On Feb 5, 2012, at 10:32 AM, Phil Schaffner <philip.r.schaff...@nasa.gov> wrote:

> Boris Epstein wrote on 02/04/2012 11:57 AM:
>> What is RAID0+1?
> 
> Nested RAID.  Paraphrasing http://en.wikipedia.org/wiki/RAID :
> 
> For a RAID 0+1, drives are first combined into multiple level 0 RAIDs 
> that are themselves treated as single drives to be combined into a 
> single RAID 1.

Probably the worse setup, a failure on both sides of a mirror means total loss 
and with the # of disks on each side of this setup the chance of this is much 
greater, recovery from a failure is a lot longer cause the whole stripe needs 
to re-mirror. While performance of reads is equal to 1+0 the writes are equal 
to a single mirror cause both sides need to complete before the next operation 
can run or only one write operation on the array at a time.

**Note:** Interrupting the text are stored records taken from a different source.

lemma ord_of_oplus [simp]: "ord_of (oplus G H) = ord_of G + ord_of H"
  by (simp add: oplus_def ord_of_def)

lemma mem_edges_oplus:
  "(i, j) \<in> edges (oplus G H) \<longleftrightarrow>
     (i, j) \<in> edges G \<or> (ord_of G \<le> i \<and> ord_of G \<le> j \<and> (i - ord_of G, j - ord_of G) \<in> edges H)"
  by (force simp: oplus_def edges_def ord_of_def)

lemma oplus_assoc: "oplus (oplus G H) K = oplus G (oplus H K)"
  by (rule ograph_eqI) (auto simp: mem_edges_oplus)

lemma oplus_empty_left: "oplus (0, {}) H = H"
  by (simp add: oplus_def ord_of_def edges_def)

lemma osum_Cons: "osum (H # Hs) = oplus H (osum Hs)"
  by (simp add: osum_def)

lemma osum_append: "osum (Gs @ Hs) = oplus (osum Gs) (osum Hs)"
  by (induction Gs) (simp_all add: osum_def oplus_empty_left oplus_assoc)

lemma edges_oplus_left:
  assumes "wf_ograph G" "wf_ograph H"
  shows "edges G = {(i, j) \<in> edges (oplus G H). j \<le> ord_of G}"
  using assms unfolding wf_ograph_def by (auto simp: mem_edges_oplus)

lemma edges_oplus_right:
  assumes "wf_ograph G"
  shows "edges H = {(i, j). (i + ord_of G, j + ord_of G) \<in> edges (oplus G H)}"
  using assms unfolding wf_ograph_def by (fastforce simp: mem_edges_oplus)

lemma oplus_eq_irreducible_ord_le:
  assumes eq: "oplus G H = oplus G' H'" and "wf_ograph G" "wf_ograph H"
    and "1 \<le> ord_of G" and "irreducible G'"
  shows "ord_of G' \<le> ord_of G"
proof (rule ccontr)
  assume "\<not> ord_of G' \<le> ord_of G"
  then obtain i j where ij: "(i, j) \<in> edges G'" "i \<le> ord_of G" "ord_of G < j"
    using assms(4,5) unfolding irreducible_iff_gap_crossed gap_crossed_def by fastforce
  then have "(i, j) \<in> edges (oplus G H)"
    unfolding eq mem_edges_oplus by blast
  with ij assms(2,3) show False
    unfolding mem_edges_oplus wf_ograph_def by fastforce
qed

lemma oplus_cancel:
  assumes eq: "oplus G H = oplus G' H'"
    and wf: "wf_ograph G" "wf_ograph H" "wf_ograph G'" "wf_ograph H'"
    and irr: "irreducible G" "irreducible G'"
    and ne: "1 \<le> ord_of G" "1 \<le> ord_of G'"
  shows "G = G' \<and> H = H'"
proof -
  have ord: "ord_of G = ord_of G'"
    using oplus_eq_irreducible_ord_le[OF eq wf(1,2) ne(1) irr(2)]
      oplus_eq_irreducible_ord_le[OF eq[symmetric] wf(3,4) ne(2) irr(1)] by simp
  have "G = G'"
    using edges_oplus_left[OF wf(1,2)] edges_oplus_left[OF wf(3,4)] eq ord
    by (intro ograph_eqI) simp_all
  moreover have "H = H'"
  proof (rule ograph_eqI)
    show "ord_of H = ord_of H'"
      using arg_cong[OF eq, of ord_of] ord by simp
    show "edges H = edges H'"
      using edges_oplus_right[OF wf(1), of H] edges_oplus_right[OF wf(3), of H'] eq ord by simp
  qed
  ultimately show ?thesis ..
qed
lemma abs_mixture_diff_le:
  fixes \<Omega> e :: "nat \<Rightarrow> real" and a b :: "nat \<Rightarrow> nat \<Rightarrow> real"
  assumes \<Omega>: "\<And>n. 0 \<le> \<Omega> n" "summable \<Omega>" and e: "summable (\<lambda>n. \<Omega> n * e n)"
    and a: "\<And>n l. l \<in> {1..n+1} \<Longrightarrow> \<bar>a n l\<bar> \<le> 1" and b: "\<And>n l. l \<in> {1..n+1} \<Longrightarrow> \<bar>b n l\<bar> \<le> 1"
    and ab: "\<And>n l. l \<in> {1..n+1} \<Longrightarrow> \<bar>a n l - b n l\<bar> \<le> e n"
  shows "\<bar>(\<Sum>n. \<Omega> n / real (n+1) * (\<Sum>l=1..n+1. a n l))
           - (\<Sum>n. \<Omega> n / real (n+1) * (\<Sum>l=1..n+1. b n l))\<bar> \<le> (\<Sum>n. \<Omega> n * e n)"
proof -
  define A where "A n = \<Omega> n / real (n+1) * (\<Sum>l=1..n+1. a n l)" for n
  define B where "B n = \<Omega> n / real (n+1) * (\<Sum>l=1..n+1. b n l)" for n
  have "norm (A n) \<le> \<Omega> n" "norm (B n) \<le> \<Omega> n" for n
    unfolding A_def B_def
    using abs_average_le[OF \<Omega>(1), of n "a n" 1] abs_average_le[OF \<Omega>(1), of n "b n" 1] a b
    by simp_all
  then have "summable A" "summable B"
    by (auto intro: summable_comparison_test'[OF \<Omega>(2)])
  have "\<bar>A n - B n\<bar> \<le> \<Omega> n * e n" for n
    unfolding A_def B_def using abs_average_le[OF \<Omega>(1), of n "\<lambda>l. a n l - b n l" "e n"] ab
    by (simp add: sum_subtractf right_diff_distrib)
  then have "(\<Sum>n. A n - B n) \<le> (\<Sum>n. \<Omega> n * e n)" "(\<Sum>n. B n - A n) \<le> (\<Sum>n. \<Omega> n * e n)"
    using \<open>summable A\<close> \<open>summable B\<close> e by (auto intro!: suminf_le summable_diff simp: abs_le_iff)
  then show ?thesis
    using suminf_diff[OF \<open>summable A\<close> \<open>summable B\<close>] suminf_diff[OF \<open>summable B\<close> \<open>summable A\<close>]
    unfolding A_def B_def by linarith
qed

theorem mainTheorem1:
  fixes k :: nat and \<alpha> :: real and before :: bool
    and \<Omega> :: "nat \<Rightarrow> real"
    and T :: "nat \<Rightarrow> nat \<Rightarrow> complex mat" and \<chi> :: "nat \<Rightarrow> nat \<Rightarrow> complex vec"
    and \<mu> :: "nat \<Rightarrow> complex mat"
  assumes k: "k \<ge> 1"
    and Omega_nonneg: "\<And>n. \<Omega> n \<ge> 0"
    and Omega_sums: "\<Omega> sums 1"
    and mean_finite: "summable (\<lambda>n. real n * \<Omega> n)"
    and T_unitary: "\<And>n i. 1 \<le> i \<Longrightarrow> i \<le> n + 1 \<Longrightarrow> is_unitary (2^k) (T n i)"
    and chi_unit: "\<And>n i. 1 \<le> i \<Longrightarrow> i \<le> n + 1 \<Longrightarrow> unit_cvec (2^k) (\<chi> n i)"
    and mu_pos: "\<And>n. psd ((2^k)^n) (\<mu> n)"
    and mu_le_one: "\<And>n. psd ((2^k)^n) (1\<^sub>m ((2^k)^n) - \<mu> n)"
  shows "\<bar>overall_prob \<Omega> \<mu> T \<chi>
           - overall_prob \<Omega> \<mu> (\<lambda>n i. attacked k \<alpha> before (T n i)) \<chi>\<bar>
         \<le> sqrt (1 - (cos (\<alpha>/2) ^ 2) powr (\<Sum>n. real n * \<Omega> n))"
proof -
  define x where "x = cos (\<alpha>/2) ^ 2"
  have x: "0 \<le> x" "x \<le> 1"
    by (auto simp: x_def abs_square_le_1)
  then have one_minus_power: "0 \<le> 1 - x^n" for n
    by (simp add: power_le_one)
  note jensen_power = suminf_one_minus_power_le[OF Omega_nonneg Omega_sums
      summable_sums[OF mean_finite] x]
  note jensen_sqrt = suminf_sqrt_le_sqrt_suminf[where g = "\<lambda>n. 1 - x^n", OF Omega_nonneg Omega_sums
      one_minus_power summable_sums[OF jensen_power(1)]]
  note accept = accept_prob_phase_attack[OF k T_unitary chi_unit mu_pos mu_le_one]
  have "\<bar>overall_prob \<Omega> \<mu> T \<chi> - overall_prob \<Omega> \<mu> (\<lambda>n i. attacked k \<alpha> before (T n i)) \<chi>\<bar>
      \<le> (\<Sum>n. \<Omega> n * sqrt (1 - x^n))"
    unfolding overall_prob_def x_def
    by (rule abs_mixture_diff_le[OF Omega_nonneg sums_summable[OF Omega_sums]
          jensen_sqrt(1)[unfolded x_def] accept(2,3,1)])
  also have "\<dots> \<le> sqrt (\<Sum>n. \<Omega> n * (1 - x^n))"
    by (rule jensen_sqrt(2))
  also have "\<dots> \<le> sqrt (1 - x powr (\<Sum>n. real n * \<Omega> n))"
    using jensen_power(2) by simp
  finally show ?thesis
    by (simp add: x_def)
qed

end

Much better RAID level is 1+0 which is a series of mirrors striped together. 
While a failure on both sides of any one mirror is total for the array there is 
only 1 disk on either side so the odds are less, recovery from failure is 
faster as well cause only one disk needs to be re-mirrored. Performance of 
reads and writes are equal because each mirror can perform writes independant 
of the others, or # of write operations equal to the number of mirrors.